* **YOUR TASK**
Look through the material below for "finally". Copy every line that contains it.

* **RECORDS FOR THIS TASK**

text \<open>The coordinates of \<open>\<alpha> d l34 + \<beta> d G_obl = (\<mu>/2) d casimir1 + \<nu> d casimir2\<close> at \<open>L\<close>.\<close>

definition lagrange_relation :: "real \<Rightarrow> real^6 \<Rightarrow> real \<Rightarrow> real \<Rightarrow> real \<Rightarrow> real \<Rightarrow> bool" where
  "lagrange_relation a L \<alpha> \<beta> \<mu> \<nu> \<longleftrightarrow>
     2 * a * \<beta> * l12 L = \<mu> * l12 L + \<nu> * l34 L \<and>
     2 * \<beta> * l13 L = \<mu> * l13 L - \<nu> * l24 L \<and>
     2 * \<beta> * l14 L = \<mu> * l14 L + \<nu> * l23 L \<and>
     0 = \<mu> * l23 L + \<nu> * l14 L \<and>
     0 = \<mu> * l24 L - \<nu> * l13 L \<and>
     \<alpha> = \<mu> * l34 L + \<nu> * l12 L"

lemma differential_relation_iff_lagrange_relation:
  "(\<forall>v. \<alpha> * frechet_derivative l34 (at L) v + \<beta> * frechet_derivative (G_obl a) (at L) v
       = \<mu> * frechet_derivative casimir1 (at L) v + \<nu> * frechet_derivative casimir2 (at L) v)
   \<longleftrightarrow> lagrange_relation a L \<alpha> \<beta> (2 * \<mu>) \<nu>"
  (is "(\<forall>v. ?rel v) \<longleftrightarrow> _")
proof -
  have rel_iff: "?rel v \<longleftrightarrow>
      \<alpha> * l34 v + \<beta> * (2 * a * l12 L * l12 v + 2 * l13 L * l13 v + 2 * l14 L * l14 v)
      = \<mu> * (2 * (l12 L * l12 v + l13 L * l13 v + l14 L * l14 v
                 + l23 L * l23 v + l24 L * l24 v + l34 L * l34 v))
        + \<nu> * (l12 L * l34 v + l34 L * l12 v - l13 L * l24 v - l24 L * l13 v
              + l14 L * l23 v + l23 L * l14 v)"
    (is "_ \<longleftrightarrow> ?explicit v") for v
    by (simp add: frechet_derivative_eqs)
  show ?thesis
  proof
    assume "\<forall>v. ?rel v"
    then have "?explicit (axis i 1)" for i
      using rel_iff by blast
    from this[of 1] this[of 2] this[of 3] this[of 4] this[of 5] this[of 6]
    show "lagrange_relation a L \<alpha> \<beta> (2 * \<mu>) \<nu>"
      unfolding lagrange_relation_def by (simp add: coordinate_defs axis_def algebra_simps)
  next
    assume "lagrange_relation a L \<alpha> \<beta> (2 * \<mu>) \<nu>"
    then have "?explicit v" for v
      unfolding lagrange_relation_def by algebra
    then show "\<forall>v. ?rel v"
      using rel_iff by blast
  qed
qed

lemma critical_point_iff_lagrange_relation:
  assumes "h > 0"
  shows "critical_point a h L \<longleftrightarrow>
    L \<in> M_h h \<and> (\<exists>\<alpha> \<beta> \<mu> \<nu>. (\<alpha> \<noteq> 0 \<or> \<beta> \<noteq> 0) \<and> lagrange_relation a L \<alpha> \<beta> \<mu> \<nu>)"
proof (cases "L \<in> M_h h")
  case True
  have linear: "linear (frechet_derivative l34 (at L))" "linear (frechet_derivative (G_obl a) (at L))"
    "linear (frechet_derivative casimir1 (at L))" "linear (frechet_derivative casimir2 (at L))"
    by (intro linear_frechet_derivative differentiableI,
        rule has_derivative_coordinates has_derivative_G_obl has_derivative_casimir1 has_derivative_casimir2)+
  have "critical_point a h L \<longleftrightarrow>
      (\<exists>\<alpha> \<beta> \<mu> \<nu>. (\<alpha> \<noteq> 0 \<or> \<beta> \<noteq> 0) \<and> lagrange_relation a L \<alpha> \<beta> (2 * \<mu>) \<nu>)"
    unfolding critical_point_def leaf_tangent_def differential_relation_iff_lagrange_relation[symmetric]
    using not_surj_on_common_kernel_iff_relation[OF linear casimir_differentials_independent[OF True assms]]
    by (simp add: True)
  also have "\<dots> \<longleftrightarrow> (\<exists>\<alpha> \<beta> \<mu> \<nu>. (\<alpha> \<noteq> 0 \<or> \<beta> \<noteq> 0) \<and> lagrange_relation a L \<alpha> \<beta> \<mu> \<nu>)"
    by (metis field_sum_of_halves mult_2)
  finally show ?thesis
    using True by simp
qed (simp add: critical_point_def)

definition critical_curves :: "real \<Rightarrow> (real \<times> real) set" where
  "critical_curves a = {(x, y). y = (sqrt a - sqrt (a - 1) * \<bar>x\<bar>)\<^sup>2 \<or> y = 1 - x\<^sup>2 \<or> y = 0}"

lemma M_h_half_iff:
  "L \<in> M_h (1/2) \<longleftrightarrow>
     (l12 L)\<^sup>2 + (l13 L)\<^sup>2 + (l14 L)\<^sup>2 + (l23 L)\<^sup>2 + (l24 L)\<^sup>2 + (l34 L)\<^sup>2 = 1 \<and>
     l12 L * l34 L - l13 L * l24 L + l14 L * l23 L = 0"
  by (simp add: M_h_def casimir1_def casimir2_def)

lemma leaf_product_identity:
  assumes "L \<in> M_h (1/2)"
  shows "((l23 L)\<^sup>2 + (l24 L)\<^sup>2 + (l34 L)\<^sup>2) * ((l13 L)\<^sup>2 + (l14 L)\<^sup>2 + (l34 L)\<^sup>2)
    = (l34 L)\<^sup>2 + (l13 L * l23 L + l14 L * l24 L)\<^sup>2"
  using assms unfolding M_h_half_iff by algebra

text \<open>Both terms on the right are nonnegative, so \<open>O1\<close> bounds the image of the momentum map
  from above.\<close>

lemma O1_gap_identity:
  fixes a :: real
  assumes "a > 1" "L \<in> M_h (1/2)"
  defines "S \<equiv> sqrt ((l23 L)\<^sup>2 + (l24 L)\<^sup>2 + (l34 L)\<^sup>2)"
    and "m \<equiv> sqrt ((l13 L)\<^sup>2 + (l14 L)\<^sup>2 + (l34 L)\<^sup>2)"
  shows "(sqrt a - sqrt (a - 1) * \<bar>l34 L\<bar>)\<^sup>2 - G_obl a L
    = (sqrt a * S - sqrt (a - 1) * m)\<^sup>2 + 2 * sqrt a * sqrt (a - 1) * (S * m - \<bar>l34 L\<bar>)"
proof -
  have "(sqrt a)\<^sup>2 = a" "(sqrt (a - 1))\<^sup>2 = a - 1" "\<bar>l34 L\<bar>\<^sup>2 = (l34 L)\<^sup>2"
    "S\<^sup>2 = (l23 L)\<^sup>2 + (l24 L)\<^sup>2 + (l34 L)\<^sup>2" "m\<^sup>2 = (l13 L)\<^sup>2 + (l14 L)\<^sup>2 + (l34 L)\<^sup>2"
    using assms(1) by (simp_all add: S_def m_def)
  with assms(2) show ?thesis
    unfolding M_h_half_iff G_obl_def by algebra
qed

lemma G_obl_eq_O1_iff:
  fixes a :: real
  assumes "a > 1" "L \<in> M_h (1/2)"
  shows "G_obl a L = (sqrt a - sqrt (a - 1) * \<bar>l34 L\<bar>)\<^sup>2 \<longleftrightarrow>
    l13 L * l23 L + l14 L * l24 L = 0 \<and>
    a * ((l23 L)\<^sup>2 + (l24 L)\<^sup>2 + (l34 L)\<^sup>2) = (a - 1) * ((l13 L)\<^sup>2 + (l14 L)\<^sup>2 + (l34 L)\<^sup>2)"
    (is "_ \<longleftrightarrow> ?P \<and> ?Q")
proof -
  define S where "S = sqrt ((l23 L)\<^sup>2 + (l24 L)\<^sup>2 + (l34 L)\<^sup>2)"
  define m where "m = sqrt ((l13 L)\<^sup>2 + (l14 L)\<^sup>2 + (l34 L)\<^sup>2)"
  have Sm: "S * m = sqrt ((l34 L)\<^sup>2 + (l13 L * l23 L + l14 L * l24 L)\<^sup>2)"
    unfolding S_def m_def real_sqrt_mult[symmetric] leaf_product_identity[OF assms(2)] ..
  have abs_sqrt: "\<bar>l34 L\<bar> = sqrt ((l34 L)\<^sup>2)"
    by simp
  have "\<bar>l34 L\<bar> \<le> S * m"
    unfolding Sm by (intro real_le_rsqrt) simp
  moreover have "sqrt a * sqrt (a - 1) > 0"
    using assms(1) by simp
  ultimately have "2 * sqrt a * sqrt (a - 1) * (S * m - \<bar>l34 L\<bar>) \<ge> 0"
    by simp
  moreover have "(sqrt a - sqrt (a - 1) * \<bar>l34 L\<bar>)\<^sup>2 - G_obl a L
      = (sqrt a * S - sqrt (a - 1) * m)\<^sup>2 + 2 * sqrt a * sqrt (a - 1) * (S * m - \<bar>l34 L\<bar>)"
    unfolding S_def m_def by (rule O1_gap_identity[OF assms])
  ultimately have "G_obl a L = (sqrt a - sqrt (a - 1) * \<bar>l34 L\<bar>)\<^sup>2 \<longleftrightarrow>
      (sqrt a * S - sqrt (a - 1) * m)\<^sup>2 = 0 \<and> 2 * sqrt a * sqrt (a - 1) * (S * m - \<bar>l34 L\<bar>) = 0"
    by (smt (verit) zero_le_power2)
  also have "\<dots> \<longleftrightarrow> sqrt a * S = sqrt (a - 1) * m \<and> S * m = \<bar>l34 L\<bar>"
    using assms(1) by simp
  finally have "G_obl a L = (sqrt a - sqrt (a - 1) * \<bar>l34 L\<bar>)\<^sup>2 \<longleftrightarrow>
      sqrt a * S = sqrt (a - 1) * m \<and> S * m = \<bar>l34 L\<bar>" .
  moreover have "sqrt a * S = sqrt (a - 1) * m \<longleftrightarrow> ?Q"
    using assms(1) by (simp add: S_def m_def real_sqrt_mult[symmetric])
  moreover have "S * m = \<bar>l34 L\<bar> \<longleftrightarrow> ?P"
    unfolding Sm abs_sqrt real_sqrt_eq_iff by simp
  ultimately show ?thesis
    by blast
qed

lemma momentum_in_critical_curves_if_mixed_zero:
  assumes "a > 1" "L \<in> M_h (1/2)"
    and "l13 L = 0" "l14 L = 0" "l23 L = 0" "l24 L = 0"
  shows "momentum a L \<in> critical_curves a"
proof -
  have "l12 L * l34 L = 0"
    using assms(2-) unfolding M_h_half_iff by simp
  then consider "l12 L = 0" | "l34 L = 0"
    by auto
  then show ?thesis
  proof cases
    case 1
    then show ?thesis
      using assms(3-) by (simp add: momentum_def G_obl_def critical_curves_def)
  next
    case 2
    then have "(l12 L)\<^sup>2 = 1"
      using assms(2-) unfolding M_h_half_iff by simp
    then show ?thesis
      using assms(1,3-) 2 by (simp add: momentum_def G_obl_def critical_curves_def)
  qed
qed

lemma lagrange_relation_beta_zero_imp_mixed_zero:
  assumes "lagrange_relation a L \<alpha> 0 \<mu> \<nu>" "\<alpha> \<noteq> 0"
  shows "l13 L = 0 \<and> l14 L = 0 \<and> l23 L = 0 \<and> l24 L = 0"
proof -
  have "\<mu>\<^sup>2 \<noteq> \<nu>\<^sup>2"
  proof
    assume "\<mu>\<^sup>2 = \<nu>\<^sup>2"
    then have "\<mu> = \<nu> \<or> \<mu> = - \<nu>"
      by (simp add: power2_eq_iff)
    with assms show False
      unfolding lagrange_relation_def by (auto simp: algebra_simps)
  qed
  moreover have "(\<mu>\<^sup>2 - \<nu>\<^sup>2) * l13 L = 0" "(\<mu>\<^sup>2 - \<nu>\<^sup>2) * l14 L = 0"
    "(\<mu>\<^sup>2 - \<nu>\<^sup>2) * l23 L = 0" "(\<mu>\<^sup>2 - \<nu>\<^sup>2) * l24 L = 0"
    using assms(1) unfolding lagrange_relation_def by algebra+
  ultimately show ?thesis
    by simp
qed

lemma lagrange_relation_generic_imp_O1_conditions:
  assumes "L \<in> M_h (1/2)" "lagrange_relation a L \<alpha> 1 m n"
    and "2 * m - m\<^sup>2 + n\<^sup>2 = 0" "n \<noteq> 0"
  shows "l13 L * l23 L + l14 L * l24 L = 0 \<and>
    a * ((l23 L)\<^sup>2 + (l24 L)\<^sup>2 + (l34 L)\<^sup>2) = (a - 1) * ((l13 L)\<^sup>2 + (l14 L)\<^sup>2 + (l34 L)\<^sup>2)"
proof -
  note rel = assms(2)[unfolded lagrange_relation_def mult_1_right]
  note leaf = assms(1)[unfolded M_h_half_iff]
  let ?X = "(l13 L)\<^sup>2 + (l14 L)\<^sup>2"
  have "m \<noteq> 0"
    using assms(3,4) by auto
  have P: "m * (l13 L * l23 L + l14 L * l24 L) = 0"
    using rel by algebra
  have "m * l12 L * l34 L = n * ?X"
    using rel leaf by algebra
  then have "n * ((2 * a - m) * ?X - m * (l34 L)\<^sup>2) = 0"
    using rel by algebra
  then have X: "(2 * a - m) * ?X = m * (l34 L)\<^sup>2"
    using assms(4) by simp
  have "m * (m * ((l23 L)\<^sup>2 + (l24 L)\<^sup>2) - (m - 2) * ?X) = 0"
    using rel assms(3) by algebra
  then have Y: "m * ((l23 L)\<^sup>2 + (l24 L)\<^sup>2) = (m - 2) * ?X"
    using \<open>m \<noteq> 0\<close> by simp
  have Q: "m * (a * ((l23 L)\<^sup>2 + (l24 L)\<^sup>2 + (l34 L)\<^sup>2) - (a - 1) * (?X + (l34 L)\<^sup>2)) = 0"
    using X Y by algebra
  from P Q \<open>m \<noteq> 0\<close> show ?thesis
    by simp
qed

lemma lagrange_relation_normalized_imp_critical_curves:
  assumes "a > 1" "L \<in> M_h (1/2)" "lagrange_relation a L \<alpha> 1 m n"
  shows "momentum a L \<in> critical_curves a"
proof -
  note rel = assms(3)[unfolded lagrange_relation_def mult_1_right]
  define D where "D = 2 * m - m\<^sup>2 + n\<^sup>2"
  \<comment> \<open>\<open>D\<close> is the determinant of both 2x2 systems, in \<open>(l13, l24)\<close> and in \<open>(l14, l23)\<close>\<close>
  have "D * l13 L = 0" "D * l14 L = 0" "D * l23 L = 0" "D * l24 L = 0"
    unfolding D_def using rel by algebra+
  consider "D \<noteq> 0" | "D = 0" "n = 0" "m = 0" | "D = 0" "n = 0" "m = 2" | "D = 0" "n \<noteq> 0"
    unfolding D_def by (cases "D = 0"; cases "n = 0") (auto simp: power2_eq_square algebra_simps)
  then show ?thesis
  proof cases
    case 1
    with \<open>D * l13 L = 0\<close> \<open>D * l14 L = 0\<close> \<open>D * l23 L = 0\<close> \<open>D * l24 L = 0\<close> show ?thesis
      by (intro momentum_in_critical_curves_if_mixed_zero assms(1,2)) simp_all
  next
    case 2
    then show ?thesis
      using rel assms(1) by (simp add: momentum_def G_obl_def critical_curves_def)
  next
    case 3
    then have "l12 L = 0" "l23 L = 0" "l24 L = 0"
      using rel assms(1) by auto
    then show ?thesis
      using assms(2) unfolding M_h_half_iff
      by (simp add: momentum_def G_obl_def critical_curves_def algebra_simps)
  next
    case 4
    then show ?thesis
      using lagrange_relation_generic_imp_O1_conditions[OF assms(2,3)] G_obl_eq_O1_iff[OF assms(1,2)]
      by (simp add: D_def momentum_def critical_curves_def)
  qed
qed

* **FINISHED TASK**
  finally show ?thesis
  finally have "G_obl a L = (sqrt a - sqrt (a - 1) * \<bar>l34 L\<bar>)\<^sup>2 \<longleftrightarrow>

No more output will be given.